> Currently, on VM, if a web server sees someone trying to login using
> incorrect userid/password, it will prompt them to stop/get help, if
they
> don't, via the VM TCPIP stack, the client is blocked.  Kind of like a
> dynamic firewall rule that lasts for a predefined period of time.
> I wanted to implement the same for my linux guests but at the VM level
> so that I don't incur the overhead of running iptables on each guest.
> This way, if a guest sees repeated login attempts or sometimes
> you see hackers asking for web pages for common admin tools, then
> the guest would inform VM that controls the switch to block that
> external IP address for a specific time.

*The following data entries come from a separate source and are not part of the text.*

(* Let $\mathcal{S}:=\{z=(z_1,z_2,z_3,z_{11},z_{12},z_{13},z_{23}): z_{11}=z_1^2,\ z_{ij}=z_iz_j\ (1\le i<j\le3),\ 0\le z_i\le1\ (i=1,2,3)\}$. Then $\mathcal{C}^{\rm SDP+MC+Tri}_3$ is not an extended formulation for $\mathrm{conv}(\mathcal{S})$: the projection of $\mathcal{C}^{\rm SDP+MC+Tri}_3$ onto the coordinates $(x_1,x_2,x_3,Y_{11},Y_{12},Y_{13},Y_{23})$ (identified with $(z_1,z_2,z_3,z_{11},z_{12},z_{13},z_{23})$) is not equal to $\mathrm{conv}(\mathcal{S})$.
   Context: $\mathcal{C}^{\rm SDP}_n$ is the set of $(x,Y)$, $x\in[0,1]^n$, $Y$ symmetric $n\times n$, with $\begin{bmatrix}1&x^\top\\ x&Y\end{bmatrix}\succeq0$ and $Y_{kk}\le x_k$ for all $k$. $\mathcal{C}^{\rm SDP+MC+Tri}_n$ adds, for all $1\le k<l\le n$, $Y_{kl}\ge0$, $Y_{kl}\ge x_k+x_l-1$, $Y_{kl}\le x_k$, $Y_{kl}\le x_l$, and for all $1\le k<l<m\le n$, $Y_{kl}+Y_{km}\le x_k+Y_{lm}$, $Y_{kl}+Y_{lm}\le x_l+Y_{km}$, $Y_{km}+Y_{lm}\le x_m+Y_{kl}$, $x_k+x_l+x_m-Y_{kl}-Y_{km}-Y_{lm}\le1$. *)

theory Defs
  imports "HOL-Analysis.Analysis"
begin

definition psd :: "nat \<Rightarrow> (nat \<Rightarrow> nat \<Rightarrow> real) \<Rightarrow> bool" where
  "psd m M \<longleftrightarrow> (\<forall>i<m. \<forall>j<m. M i j = M j i) \<and>
     (\<forall>v::nat \<Rightarrow> real. 0 \<le> (\<Sum>i<m. \<Sum>j<m. v i * M i j * v j))"

text \<open>The block matrix [1, x^T; x, Y], indices 0..n, where x and Y use indices 1..n.\<close>
definition lift_mat :: "(nat \<Rightarrow> real) \<Rightarrow> (nat \<Rightarrow> nat \<Rightarrow> real) \<Rightarrow> nat \<Rightarrow> nat \<Rightarrow> real" where
  "lift_mat x Y i j =
     (if i = 0 \<and> j = 0 then 1 else if i = 0 then x j else if j = 0 then x i else Y i j)"

text \<open>C^SDP_n; x is indexed by 1..n, Y by {1..n} x {1..n}; values outside are irrelevant.\<close>
definition C_SDP :: "nat \<Rightarrow> (nat \<Rightarrow> real) \<Rightarrow> (nat \<Rightarrow> nat \<Rightarrow> real) \<Rightarrow> bool" where
  "C_SDP n x Y \<longleftrightarrow>
     (\<forall>k\<in>{1..n}. 0 \<le> x k \<and> x k \<le> 1) \<and>
     (\<forall>k\<in>{1..n}. \<forall>l\<in>{1..n}. Y k l = Y l k) \<and>
     psd (Suc n) (lift_mat x Y) \<and>
     (\<forall>k\<in>{1..n}. Y k k \<le> x k)"

definition C_SDP_MC_Tri :: "nat \<Rightarrow> (nat \<Rightarrow> real) \<Rightarrow> (nat \<Rightarrow> nat \<Rightarrow> real) \<Rightarrow> bool" where
  "C_SDP_MC_Tri n x Y \<longleftrightarrow> C_SDP n x Y \<and>
     (\<forall>k l. 1 \<le> k \<and> k < l \<and> l \<le> n \<longrightarrow>
        Y k l \<ge> 0 \<and> Y k l \<ge> x k + x l - 1 \<and> Y k l \<le> x k \<and> Y k l \<le> x l) \<and>
     (\<forall>k l m. 1 \<le> k \<and> k < l \<and> l < m \<and> m \<le> n \<longrightarrow>
        Y k l + Y k m \<le> x k + Y l m \<and>
        Y k l + Y l m \<le> x l + Y k m \<and>
        Y k m + Y l m \<le> x m + Y k l \<and>
        x k + x l + x m - Y k l - Y k m - Y l m \<le> 1)"

end

theory Submission
  imports Defs
begin

text \<open>The linear inequality
  \<open>1 - 10 z\<^sub>1 + 15 z\<^sub>2 + 15 z\<^sub>3 + 25 z\<^sub>1\<^sub>1 - 30 z\<^sub>1\<^sub>2 - 30 z\<^sub>1\<^sub>3 + 14 z\<^sub>2\<^sub>3 \<ge> 0\<close>
  holds on S: at each vertex of the square in \<open>(z\<^sub>2, z\<^sub>3)\<close> it is a univariate quadratic
  in \<open>z\<^sub>1\<close> that is nonnegative on \<open>[0,1]\<close>, and on the whole cube it is the bilinear
  interpolation of these four quadratics. It is violated by
  \<open>x = (7/10, 1/2, 1/2)\<close>, \<open>Y\<^sub>1\<^sub>1 = 57/100\<close>, \<open>Y\<^sub>1\<^sub>2 = Y\<^sub>1\<^sub>3 = 9/20\<close>, \<open>Y\<^sub>2\<^sub>2 = Y\<^sub>3\<^sub>3 = 1/2\<close>,
  \<open>Y\<^sub>2\<^sub>3 = 1/4\<close>, which satisfies the McCormick and triangle inequalities and whose lifted
  matrix is positive semidefinite, its quadratic form being a sum of four squares.\<close>

definition cut_normal :: "real \<times> real \<times> real \<times> real \<times> real \<times> real \<times> real" where
  "cut_normal = (-10, 15, 15, 25, -30, -30, 14)"

lemma inner_cut_normal:
  "inner cut_normal (z1, z2, z3, z11, z12, z13, z23)
     = -10*z1 + 15*z2 + 15*z3 + 25*z11 - 30*z12 - 30*z13 + 14*z23"
  by (simp add: cut_normal_def)

lemma cut_polynomial_nonneg_on_cube:
  fixes z1 z2 z3 :: real
  assumes "0 \<le> z1" "z1 \<le> 1" "0 \<le> z2" "z2 \<le> 1" "0 \<le> z3" "z3 \<le> 1"
  shows "0 \<le> 1 - 10*z1 + 15*z2 + 15*z3 + 25*z1^2 - 30*(z1*z2) - 30*(z1*z3) + 14*(z2*z3)"
proof -
  have "1 - 10*z1 + 15*z2 + 15*z3 + 25*z1^2 - 30*(z1*z2) - 30*(z1*z3) + 14*(z2*z3)
      = ((1-z2)*(1-z3)) * (5*z1-1)^2 + (z2*(1-z3)) * (5*z1-4)^2
        + ((1-z2)*z3) * (5*z1-4)^2 + (z2*z3) * ((1-z1)*(45-25*z1))"
    by (simp add: algebra_simps power2_eq_square)
  moreover have "0 \<le> (1-z2)*(1-z3)" "0 \<le> z2*(1-z3)" "0 \<le> (1-z2)*z3" "0 \<le> z2*z3"
    and "0 \<le> (1-z1)*(45-25*z1)"
    using assms by simp_all
  ultimately show ?thesis
    by (metis add_nonneg_nonneg mult_nonneg_nonneg zero_le_power2)
qed

lemma convex_hull_moment_points_subset_cut:
  "convex hull {(z1, z2, z3, z1^2, z1*z2, z1*z3, z2*z3) | z1 z2 z3 :: real.
      0 \<le> z1 \<and> z1 \<le> 1 \<and> 0 \<le> z2 \<and> z2 \<le> 1 \<and> 0 \<le> z3 \<and> z3 \<le> 1}
     \<subseteq> {p. inner cut_normal p \<ge> -1}"
proof (rule hull_minimal)
  show "{(z1, z2, z3, z1^2, z1*z2, z1*z3, z2*z3) | z1 z2 z3 :: real.
      0 \<le> z1 \<and> z1 \<le> 1 \<and> 0 \<le> z2 \<and> z2 \<le> 1 \<and> 0 \<le> z3 \<and> z3 \<le> 1}
     \<subseteq> {p. inner cut_normal p \<ge> -1}"
  proof clarify
    fix z1 z2 z3 :: real
    assume "0 \<le> z1" "z1 \<le> 1" "0 \<le> z2" "z2 \<le> 1" "0 \<le> z3" "z3 \<le> 1"
    then have "0 \<le> 1 - 10*z1 + 15*z2 + 15*z3 + 25*z1^2 - 30*(z1*z2) - 30*(z1*z3) + 14*(z2*z3)"
      by (rule cut_polynomial_nonneg_on_cube)
    then show "-1 \<le> inner cut_normal (z1, z2, z3, z1^2, z1*z2, z1*z3, z2*z3)"
      unfolding inner_cut_normal by linarith
  qed
  show "convex {p. inner cut_normal p \<ge> -1}"
    by (rule convex_halfspace_ge)
qed

lemma ball_atLeastAtMost_1_3: "(\<forall>k\<in>{1..3::nat}. P k) \<longleftrightarrow> P 1 \<and> P 2 \<and> P 3"
  by (auto simp: numeral_eq_Suc le_Suc_eq)

lemma all_pairs_upto_3:
  "(\<forall>k l. 1 \<le> k \<and> k < l \<and> l \<le> (3::nat) \<longrightarrow> P k l) \<longleftrightarrow> P 1 2 \<and> P 1 3 \<and> P 2 3"
proof -
  have "1 \<le> k \<and> k < l \<and> l \<le> (3::nat) \<longleftrightarrow> (k, l) \<in> {(1, 2), (1, 3), (2, 3)}" for k l
    by auto
  then show ?thesis
    by auto
qed

lemma all_triples_upto_3:
  "(\<forall>k l m. 1 \<le> k \<and> k < l \<and> l < m \<and> m \<le> (3::nat) \<longrightarrow> P k l m) \<longleftrightarrow> P 1 2 3"
proof -
  have "1 \<le> k \<and> k < l \<and> l < m \<and> m \<le> (3::nat) \<longleftrightarrow> k = 1 \<and> l = 2 \<and> m = 3" for k l m
    by auto
  then show ?thesis
    by auto
qed

definition x_sep :: "nat \<Rightarrow> real" where
  "x_sep i = (if i = 1 then 7/10 else 1/2)"

definition Y_sep :: "nat \<Rightarrow> nat \<Rightarrow> real" where
  "Y_sep i j = (if i = 1 \<and> j = 1 then 57/100 else if i = 1 \<or> j = 1 then 9/20
     else if i = j then 1/2 else 1/4)"

lemma psd_lift_mat_sep: "psd 4 (lift_mat x_sep Y_sep)"
  unfolding psd_def
proof (intro conjI allI impI)
  fix i j :: nat
  show "lift_mat x_sep Y_sep i j = lift_mat x_sep Y_sep j i"
    by (auto simp: lift_mat_def Y_sep_def)
next
  fix v :: "nat \<Rightarrow> real"
  have "(\<Sum>i<4. \<Sum>j<4. v i * lift_mat x_sep Y_sep i j * v j)
      = ((v 0 + 3/10 * v 1)^2 + (v 0 + 7/10 * v 1 + v 2)^2 + (v 0 + 7/10 * v 1 + v 3)^2
         + (v 0 + 11/10 * v 1 + v 2 + v 3)^2) / 4"
    by (simp add: numeral_eq_Suc lift_mat_def x_sep_def Y_sep_def algebra_simps power2_eq_square)
  also have "\<dots> \<ge> 0"
    by simp
  finally show "0 \<le> (\<Sum>i<4. \<Sum>j<4. v i * lift_mat x_sep Y_sep i j * v j)"
    by simp
qed

lemma C_SDP_MC_Tri_sep: "C_SDP_MC_Tri 3 x_sep Y_sep"
  using psd_lift_mat_sep
  unfolding C_SDP_MC_Tri_def C_SDP_def ball_atLeastAtMost_1_3 all_pairs_upto_3 all_triples_upto_3
  by (simp add: numeral_eq_Suc x_sep_def Y_sep_def)

lemma sep_violates_cut:
  "inner cut_normal (x_sep 1, x_sep 2, x_sep 3, Y_sep 1 1, Y_sep 1 2, Y_sep 1 3, Y_sep 2 3) < -1"
  by (simp add: inner_cut_normal x_sep_def Y_sep_def)

theorem corollary2:
  shows "{(x 1, x 2, x 3, Y 1 1, Y 1 2, Y 1 3, Y 2 3) | x Y. C_SDP_MC_Tri 3 x Y}
     \<noteq> convex hull {(z1, z2, z3, z1^2, z1*z2, z1*z3, z2*z3) | z1 z2 z3 :: real.
            0 \<le> z1 \<and> z1 \<le> 1 \<and> 0 \<le> z2 \<and> z2 \<le> 1 \<and> 0 \<le> z3 \<and> z3 \<le> 1}"
proof
  let ?p = "(x_sep 1, x_sep 2, x_sep 3, Y_sep 1 1, Y_sep 1 2, Y_sep 1 3, Y_sep 2 3)"
  assume projection_eq_hull: "{(x 1, x 2, x 3, Y 1 1, Y 1 2, Y 1 3, Y 2 3) | x Y. C_SDP_MC_Tri 3 x Y}
     = convex hull {(z1, z2, z3, z1^2, z1*z2, z1*z3, z2*z3) | z1 z2 z3 :: real.
            0 \<le> z1 \<and> z1 \<le> 1 \<and> 0 \<le> z2 \<and> z2 \<le> 1 \<and> 0 \<le> z3 \<and> z3 \<le> 1}"
  have "?p \<in> {(x 1, x 2, x 3, Y 1 1, Y 1 2, Y 1 3, Y 2 3) | x Y. C_SDP_MC_Tri 3 x Y}"
    using C_SDP_MC_Tri_sep by blast
  then have "inner cut_normal ?p \<ge> -1"
    using convex_hull_moment_points_subset_cut unfolding projection_eq_hull by blast
  then show False
    using sep_violates_cut by simp
qed

end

Front end your WWW servers with a guest running LVS, and run iptables on
the LVS guest. You can then do the iptables stuff only in one place, and
you also get the ability to do load-balancing, pre-authentication and
all kinds of other nifty stuff. 

If you want to do this on a more comprehensive scale, use a Linux guest
as a front end to the VM stack (ie, have the Linux guest assume the IP
address of your VM stack and set up as a NAT gw, passing traffic through
as needed) and run iptables there. We've run this way for ages, and it
works very nicely. If you want to do that, we can talk offline about the
iptables config to do that. It also lets you cut off bozos in only one
place.

You could easily add a cron job to the Linux IP stack guest that reads a
CMS minidisk file of "naughty" luser IP addresses and periodically
updates an iptables map. That'd be cool, actually; then you could cut
them off from all services if you so chose, or just some services,
depending on how you wrote the script.